Collected data entries:

(* Let $D$ be any distribution of $(X,A,Y)$ on $\mathcal{X}\times\{0,1\}\times\{0,1\}$ ($\mathcal{X}$ discrete), and let $\tilde D$ be its biased version with bias parameters $\beta_p,\beta_n,\nu\in(0,1)$. Let $\mathcal{H}$ be any class of classifiers $\mathcal{X}\times\{0,1\}\to\{0,1\}$, $\mathcal{H}_{\mathrm{fair,EO}}=\{f\in\mathcal{H}:TPR_0(f)=TPR_1(f)\}$ and $\widetilde{\mathcal{H}}_{\mathrm{fair,EO}}=\{f\in\mathcal{H}:\widetilde{TPR}_0(f)=\widetilde{TPR}_1(f)\}$. Then for every $h\in\mathcal{H}$, $\widetilde{TPR}_0(h)=TPR_0(h)$ and $\widetilde{TPR}_1(h)=TPR_1(h)$; hence $\mathcal{H}_{\mathrm{fair,EO}}=\widetilde{\mathcal{H}}_{\mathrm{fair,EO}}$.
   Context: $TPR_a(f)=\Pr_D[f(X,A)=1\mid Y=1,A=a]$ and $\widetilde{TPR}_a(f)=\Pr_{\tilde D}[f(X,A)=1\mid\tilde Y=1,A=a]$. Biased distribution $\tilde D$: draw $(X,A,Y)\sim D$; points with $A=1$ are kept unchanged; points with $A=0,Y=1$ survive independently with probability $\beta_p$, points with $A=0,Y=0$ survive independently with probability $\beta_n$; each surviving point with $A=0,Y=1$ keeps label $1$ with probability $1-\nu$ and is flipped to $0$ with probability $\nu$, independently. $\tilde D$ is the distribution of the resulting $(X,A,\tilde Y)$ among surviving points. *)

theory Defs
  imports "HOL-Probability.Probability"
begin

text \<open>Conventions: a data point is (x, a, y) with the group attribute a and the
label y encoded as bool (True = 1, False = 0).\<close>

definition TPR :: "('x \<times> bool \<times> bool) pmf \<Rightarrow> ('x \<Rightarrow> bool \<Rightarrow> bool) \<Rightarrow> bool \<Rightarrow> real" where
  "TPR D f a =
     measure_pmf.prob D {(x, a', y). f x a' \<and> y \<and> a' = a}
     / measure_pmf.prob D {(x, a', y). y \<and> a' = a}"

text \<open>One draw of the biasing process: None = the point is removed.\<close>
definition bias_step :: "real \<Rightarrow> real \<Rightarrow> real \<Rightarrow> ('x \<times> bool \<times> bool)
    \<Rightarrow> ('x \<times> bool \<times> bool) option pmf" where
  "bias_step \<beta>p \<beta>n \<nu> p = (case p of (x, a, y) \<Rightarrow>
     if a then return_pmf (Some (x, a, y))
     else if y then
       bind_pmf (bernoulli_pmf \<beta>p) (\<lambda>s. if s
          then map_pmf (\<lambda>flip. Some (x, a, \<not> flip)) (bernoulli_pmf \<nu>)
          else return_pmf None)
     else
       bind_pmf (bernoulli_pmf \<beta>n) (\<lambda>s. if s
          then return_pmf (Some (x, a, y))
          else return_pmf None))"

definition biased :: "real \<Rightarrow> real \<Rightarrow> real \<Rightarrow> ('x \<times> bool \<times> bool) pmf
    \<Rightarrow> ('x \<times> bool \<times> bool) pmf" where
  "biased \<beta>p \<beta>n \<nu> D =
     map_pmf the (cond_pmf (bind_pmf D (bias_step \<beta>p \<beta>n \<nu>)) {z. z \<noteq> None})"

definition H_fair_EO :: "('x \<times> bool \<times> bool) pmf \<Rightarrow> ('x \<Rightarrow> bool \<Rightarrow> bool) set
    \<Rightarrow> ('x \<Rightarrow> bool \<Rightarrow> bool) set" where
  "H_fair_EO D H = {f \<in> H. TPR D f False = TPR D f True}"

end

theory Submission
  imports Defs
begin

text \<open>On a point with label 1 in group a the biasing process acts independently of x:
it keeps the point with label 1 with probability 1 if a = 1 and \<beta>p (1 - \<nu>) if a = 0.
Hence, before conditioning on survival, every event of the form
"y = 1, a fixed, some condition on (x, a)" has its mass multiplied by a factor that
depends only on a, and conditioning on survival divides all masses by one common
constant. Both factors cancel in the ratio defining the true positive rate of group a.\<close>

lemma measure_cond_pmf:
  assumes "set_pmf p \<inter> s \<noteq> {}"
  shows "measure_pmf.prob (cond_pmf p s) A = measure_pmf.prob p (s \<inter> A) / measure_pmf.prob p s"
proof -
  have "emeasure (measure_pmf p) s \<noteq> 0"
    using assms by (simp add: measure_pmf.emeasure_eq_measure measure_measure_pmf_not_zero)
  then show ?thesis
    by (simp add: cond_pmf.rep_eq[OF assms] measure_pmf.emeasure_eq_measure)
qed

definition positive_event :: "('x \<Rightarrow> bool \<Rightarrow> bool) \<Rightarrow> bool \<Rightarrow> ('x \<times> bool \<times> bool) set" where
  "positive_event Q a = {(x, a', y). Q x a' \<and> y \<and> a' = a}"

definition positive_retention :: "real \<Rightarrow> real \<Rightarrow> bool \<Rightarrow> real" where
  "positive_retention \<beta>p \<nu> a = (if a then 1 else \<beta>p * (1 - \<nu>))"

lemma TPR_conv_positive_event:
  "TPR D f a = measure_pmf.prob D (positive_event f a)
                 / measure_pmf.prob D (positive_event (\<lambda>_ _. True) a)"
  by (simp add: TPR_def positive_event_def)

lemma emeasure_bias_step_positive_event:
  assumes "0 \<le> \<beta>p" "\<beta>p \<le> 1" "0 \<le> \<beta>n" "\<beta>n \<le> 1" "0 \<le> \<nu>" "\<nu> \<le> 1"
  shows "emeasure (measure_pmf (bias_step \<beta>p \<beta>n \<nu> p)) (Some ` positive_event Q a)
           = ennreal (positive_retention \<beta>p \<nu> a) * indicator (positive_event Q a) p"
proof -
  obtain x a' y where p: "p = (x, a', y)" by (cases p) auto
  have Collect_Not: "Collect Not = {False}" by auto
  show ?thesis
    using assms unfolding p bias_step_def positive_event_def positive_retention_def
    by (auto simp: Collect_Not ennreal_mult indicator_def image_iff vimage_def
        emeasure_pmf_single mult.commute)
qed

lemma bias_step_survives:
  assumes "0 < \<beta>p" "\<beta>p \<le> 1" "0 < \<beta>n" "\<beta>n \<le> 1"
  shows "\<exists>z. Some z \<in> set_pmf (bias_step \<beta>p \<beta>n \<nu> p)"
proof -
  obtain x a y where p: "p = (x, a, y)" by (cases p) auto
  obtain flip where "flip \<in> set_pmf (bernoulli_pmf \<nu>)"
    using set_pmf_not_empty[of "bernoulli_pmf \<nu>"] by blast
  moreover have "True \<in> set_pmf (bernoulli_pmf \<beta>p)" "True \<in> set_pmf (bernoulli_pmf \<beta>n)"
    using assms by (simp_all add: set_pmf_iff)
  ultimately have "Some (x, a, if a \<or> \<not> y then y else \<not> flip) \<in> set_pmf (bias_step \<beta>p \<beta>n \<nu> p)"
    unfolding p bias_step_def by (cases a; cases y) (force simp: set_bind_pmf)+
  then show ?thesis ..
qed

lemma survivors_nonempty:
  assumes "0 < \<beta>p" "\<beta>p \<le> 1" "0 < \<beta>n" "\<beta>n \<le> 1"
  shows "set_pmf (bind_pmf D (bias_step \<beta>p \<beta>n \<nu>)) \<inter> {z. z \<noteq> None} \<noteq> {}"
proof -
  obtain p where "p \<in> set_pmf D"
    using set_pmf_not_empty[of D] by blast
  moreover obtain z where "Some z \<in> set_pmf (bias_step \<beta>p \<beta>n \<nu> p)"
    using bias_step_survives[OF assms] by blast
  ultimately show ?thesis
    by (auto simp: set_bind_pmf simp del: not_None_eq)
qed

lemma measure_biased_positive_event:
  fixes D :: "('x \<times> bool \<times> bool) pmf"
  assumes "0 < \<beta>p" "\<beta>p \<le> 1" "0 < \<beta>n" "\<beta>n \<le> 1" "0 \<le> \<nu>" "\<nu> \<le> 1"
  defines "M \<equiv> bind_pmf D (bias_step \<beta>p \<beta>n \<nu>)"
  shows "measure_pmf.prob (biased \<beta>p \<beta>n \<nu> D) (positive_event Q a)
           = positive_retention \<beta>p \<nu> a * measure_pmf.prob D (positive_event Q a)
               / measure_pmf.prob M {z. z \<noteq> None}"
proof -
  let ?E = "positive_event Q a" and ?c = "positive_retention \<beta>p \<nu> a"
  have "0 \<le> ?c"
    using assms by (simp add: positive_retention_def)
  have "emeasure (measure_pmf M) (Some ` ?E) = (\<integral>\<^sup>+p. ennreal ?c * indicator ?E p \<partial>D)"
    using assms by (simp add: M_def emeasure_bias_step_positive_event)
  also have "\<dots> = ennreal ?c * emeasure (measure_pmf D) ?E"
    by (simp add: nn_integral_cmult_indicator)
  finally have "measure_pmf.prob M (Some ` ?E) = ?c * measure_pmf.prob D ?E"
    using \<open>0 \<le> ?c\<close> by (simp add: measure_pmf.emeasure_eq_measure ennreal_mult[symmetric])
  moreover have "{z. z \<noteq> None} \<inter> the -` ?E = Some ` ?E"
    by auto
  ultimately show ?thesis
    unfolding biased_def measure_map_pmf M_def measure_cond_pmf[OF survivors_nonempty[OF assms(1-4)]]
    by simp
qed

lemma TPR_biased:
  assumes "0 < \<beta>p" "\<beta>p \<le> 1" "0 < \<beta>n" "\<beta>n \<le> 1" "0 \<le> \<nu>" "\<nu> < 1"
  shows "TPR (biased \<beta>p \<beta>n \<nu> D) f a = TPR D f a"
proof -
  have "positive_retention \<beta>p \<nu> a \<noteq> 0"
    using assms by (simp add: positive_retention_def)
  moreover have "measure_pmf.prob (bind_pmf D (bias_step \<beta>p \<beta>n \<nu>)) {z. z \<noteq> None} \<noteq> 0"
    using measure_measure_pmf_not_zero[OF survivors_nonempty] assms by simp
  ultimately show ?thesis
    using assms by (simp add: TPR_conv_positive_event measure_biased_positive_event)
qed

theorem corollary3p6:
  fixes D :: "('x \<times> bool \<times> bool) pmf"
    and H :: "('x \<Rightarrow> bool \<Rightarrow> bool) set"
    and \<beta>p \<beta>n \<nu> :: real
  assumes "0 < \<beta>p" "\<beta>p < 1" "0 < \<beta>n" "\<beta>n < 1" "0 < \<nu>" "\<nu> < 1"
  shows "(\<forall>h\<in>H. TPR (biased \<beta>p \<beta>n \<nu> D) h False = TPR D h False
               \<and> TPR (biased \<beta>p \<beta>n \<nu> D) h True = TPR D h True)
         \<and> H_fair_EO D H = H_fair_EO (biased \<beta>p \<beta>n \<nu> D) H"
proof -
  have "TPR (biased \<beta>p \<beta>n \<nu> D) h a = TPR D h a" for h a
    using assms by (intro TPR_biased) auto
  then show ?thesis
    unfolding H_fair_EO_def by auto
qed

end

To do:
Above are the records. Print exactly, and only, the lines from the line with "using assms by (simp_all" to the line with "unfolding p bias_step_def by", both inclusive.

Exercise result:
    using assms by (simp_all add: set_pmf_iff)
  ultimately have "Some (x, a, if a \<or> \<not> y then y else \<not> flip) \<in> set_pmf (bias_step \<beta>p \<beta>n \<nu> p)"
    unfolding p bias_step_def by (cases a; cases y) (force simp: set_bind_pmf)+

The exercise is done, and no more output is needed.